↓
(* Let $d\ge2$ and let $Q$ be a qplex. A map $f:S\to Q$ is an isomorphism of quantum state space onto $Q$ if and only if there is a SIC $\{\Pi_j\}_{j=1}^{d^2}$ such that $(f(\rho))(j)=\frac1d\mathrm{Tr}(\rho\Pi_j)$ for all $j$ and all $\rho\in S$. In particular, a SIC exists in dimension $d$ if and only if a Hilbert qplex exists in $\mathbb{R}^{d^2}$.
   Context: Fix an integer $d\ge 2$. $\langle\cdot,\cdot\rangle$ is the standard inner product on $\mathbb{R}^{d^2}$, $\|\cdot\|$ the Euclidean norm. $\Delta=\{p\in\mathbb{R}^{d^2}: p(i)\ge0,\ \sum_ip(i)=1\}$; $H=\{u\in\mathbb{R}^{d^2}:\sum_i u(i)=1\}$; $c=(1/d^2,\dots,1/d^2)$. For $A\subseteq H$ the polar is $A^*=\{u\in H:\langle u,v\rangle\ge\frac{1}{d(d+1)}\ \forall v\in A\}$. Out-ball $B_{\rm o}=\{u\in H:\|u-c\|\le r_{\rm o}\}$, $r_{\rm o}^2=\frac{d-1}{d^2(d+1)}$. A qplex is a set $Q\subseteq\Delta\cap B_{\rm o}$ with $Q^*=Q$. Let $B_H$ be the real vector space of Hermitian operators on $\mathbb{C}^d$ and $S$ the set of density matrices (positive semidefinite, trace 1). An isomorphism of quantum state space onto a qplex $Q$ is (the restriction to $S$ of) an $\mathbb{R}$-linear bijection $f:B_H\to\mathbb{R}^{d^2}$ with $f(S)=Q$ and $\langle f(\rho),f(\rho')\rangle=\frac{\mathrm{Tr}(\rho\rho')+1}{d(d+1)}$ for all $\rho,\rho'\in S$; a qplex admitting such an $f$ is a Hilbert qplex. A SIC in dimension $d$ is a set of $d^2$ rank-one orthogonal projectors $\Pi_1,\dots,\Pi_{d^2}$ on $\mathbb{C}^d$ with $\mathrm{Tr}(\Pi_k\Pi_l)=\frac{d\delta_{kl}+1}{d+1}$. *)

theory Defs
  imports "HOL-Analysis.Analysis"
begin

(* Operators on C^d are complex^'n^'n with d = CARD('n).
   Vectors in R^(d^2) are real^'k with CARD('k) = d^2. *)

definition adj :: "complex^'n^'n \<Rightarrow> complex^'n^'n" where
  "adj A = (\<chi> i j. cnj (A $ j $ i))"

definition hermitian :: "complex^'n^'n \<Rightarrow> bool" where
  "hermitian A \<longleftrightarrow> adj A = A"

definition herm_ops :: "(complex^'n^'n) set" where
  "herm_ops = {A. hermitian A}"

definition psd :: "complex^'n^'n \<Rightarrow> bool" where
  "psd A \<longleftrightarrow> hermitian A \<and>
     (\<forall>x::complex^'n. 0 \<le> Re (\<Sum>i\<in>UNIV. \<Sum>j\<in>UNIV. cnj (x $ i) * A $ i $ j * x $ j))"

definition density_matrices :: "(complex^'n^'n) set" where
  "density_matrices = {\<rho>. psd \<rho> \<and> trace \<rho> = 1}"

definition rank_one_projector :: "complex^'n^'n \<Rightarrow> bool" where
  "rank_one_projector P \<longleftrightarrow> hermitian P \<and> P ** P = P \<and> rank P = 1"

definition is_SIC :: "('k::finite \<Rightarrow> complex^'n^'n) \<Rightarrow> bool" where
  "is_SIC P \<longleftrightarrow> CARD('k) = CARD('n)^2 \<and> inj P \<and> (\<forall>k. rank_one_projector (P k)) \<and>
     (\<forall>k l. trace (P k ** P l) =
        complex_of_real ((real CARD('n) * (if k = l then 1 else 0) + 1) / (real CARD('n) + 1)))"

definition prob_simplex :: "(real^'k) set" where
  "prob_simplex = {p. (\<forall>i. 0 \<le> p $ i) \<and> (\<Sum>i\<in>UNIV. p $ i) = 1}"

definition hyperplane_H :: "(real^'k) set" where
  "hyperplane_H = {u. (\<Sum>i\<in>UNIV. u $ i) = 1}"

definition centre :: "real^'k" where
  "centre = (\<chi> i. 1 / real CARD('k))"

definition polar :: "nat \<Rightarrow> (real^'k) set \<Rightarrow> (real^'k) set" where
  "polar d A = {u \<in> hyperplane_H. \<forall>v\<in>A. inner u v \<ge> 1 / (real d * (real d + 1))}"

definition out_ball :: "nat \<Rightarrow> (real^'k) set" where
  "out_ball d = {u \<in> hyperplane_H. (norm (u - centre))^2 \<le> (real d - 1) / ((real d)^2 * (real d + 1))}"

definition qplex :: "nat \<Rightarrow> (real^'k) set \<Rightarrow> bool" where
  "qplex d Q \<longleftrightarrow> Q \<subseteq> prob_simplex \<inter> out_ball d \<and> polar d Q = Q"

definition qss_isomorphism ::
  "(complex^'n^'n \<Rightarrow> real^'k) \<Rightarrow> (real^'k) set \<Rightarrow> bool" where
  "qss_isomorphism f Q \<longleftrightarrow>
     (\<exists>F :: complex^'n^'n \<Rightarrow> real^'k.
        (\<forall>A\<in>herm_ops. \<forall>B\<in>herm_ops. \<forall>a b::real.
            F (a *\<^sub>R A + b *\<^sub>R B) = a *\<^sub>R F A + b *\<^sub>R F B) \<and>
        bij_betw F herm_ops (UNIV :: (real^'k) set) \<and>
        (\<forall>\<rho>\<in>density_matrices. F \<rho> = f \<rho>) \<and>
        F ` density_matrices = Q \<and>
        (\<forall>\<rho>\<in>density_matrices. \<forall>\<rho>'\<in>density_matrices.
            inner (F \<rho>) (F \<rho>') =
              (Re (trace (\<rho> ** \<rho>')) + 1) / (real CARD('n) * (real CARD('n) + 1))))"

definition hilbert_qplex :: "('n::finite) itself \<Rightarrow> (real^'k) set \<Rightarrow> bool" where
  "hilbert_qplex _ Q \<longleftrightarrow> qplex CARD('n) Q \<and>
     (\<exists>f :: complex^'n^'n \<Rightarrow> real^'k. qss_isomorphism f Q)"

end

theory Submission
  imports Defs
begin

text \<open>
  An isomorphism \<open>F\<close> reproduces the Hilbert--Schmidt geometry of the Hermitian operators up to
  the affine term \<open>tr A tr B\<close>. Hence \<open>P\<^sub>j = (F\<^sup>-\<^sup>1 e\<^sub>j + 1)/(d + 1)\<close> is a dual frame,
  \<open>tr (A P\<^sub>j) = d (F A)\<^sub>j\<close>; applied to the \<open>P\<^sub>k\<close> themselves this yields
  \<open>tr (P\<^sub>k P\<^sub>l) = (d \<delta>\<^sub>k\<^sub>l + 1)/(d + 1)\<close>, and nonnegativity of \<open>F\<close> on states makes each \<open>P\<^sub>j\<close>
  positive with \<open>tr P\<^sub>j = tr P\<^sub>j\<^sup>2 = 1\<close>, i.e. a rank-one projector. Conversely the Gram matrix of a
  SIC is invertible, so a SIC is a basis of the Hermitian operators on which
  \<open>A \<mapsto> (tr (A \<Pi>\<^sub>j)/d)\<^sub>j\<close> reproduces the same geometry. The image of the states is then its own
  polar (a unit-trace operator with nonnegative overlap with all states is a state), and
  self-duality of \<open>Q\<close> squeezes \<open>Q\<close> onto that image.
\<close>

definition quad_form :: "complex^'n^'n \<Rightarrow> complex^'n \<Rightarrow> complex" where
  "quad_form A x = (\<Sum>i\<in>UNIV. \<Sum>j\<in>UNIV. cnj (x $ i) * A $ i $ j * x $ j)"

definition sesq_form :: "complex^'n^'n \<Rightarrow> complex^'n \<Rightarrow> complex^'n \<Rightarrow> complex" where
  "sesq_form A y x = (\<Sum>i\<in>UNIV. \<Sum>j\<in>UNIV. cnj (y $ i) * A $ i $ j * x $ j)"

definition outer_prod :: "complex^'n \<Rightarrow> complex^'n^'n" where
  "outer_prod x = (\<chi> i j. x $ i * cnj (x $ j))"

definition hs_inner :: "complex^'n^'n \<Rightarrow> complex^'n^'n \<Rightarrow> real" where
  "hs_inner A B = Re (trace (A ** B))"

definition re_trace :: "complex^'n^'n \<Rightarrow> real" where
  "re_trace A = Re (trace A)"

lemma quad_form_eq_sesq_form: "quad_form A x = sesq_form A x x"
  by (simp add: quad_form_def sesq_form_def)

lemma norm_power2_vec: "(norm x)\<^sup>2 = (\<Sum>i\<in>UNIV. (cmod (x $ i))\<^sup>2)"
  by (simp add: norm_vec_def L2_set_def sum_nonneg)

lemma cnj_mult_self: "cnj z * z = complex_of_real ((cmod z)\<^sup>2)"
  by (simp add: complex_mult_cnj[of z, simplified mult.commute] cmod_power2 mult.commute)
↑
*Required action*
Going through the listing above, copy out every line that has the string "then".

*Output for this exercise*
        complex_of_real ((real CARD('n) * (if k = l then 1 else 0) + 1) / (real CARD('n) + 1)))"
  \<open>A \<mapsto> (tr (A \<Pi>\<^sub>j)/d)\<^sub>j\<close> reproduces the same geometry. The image of the states is then its own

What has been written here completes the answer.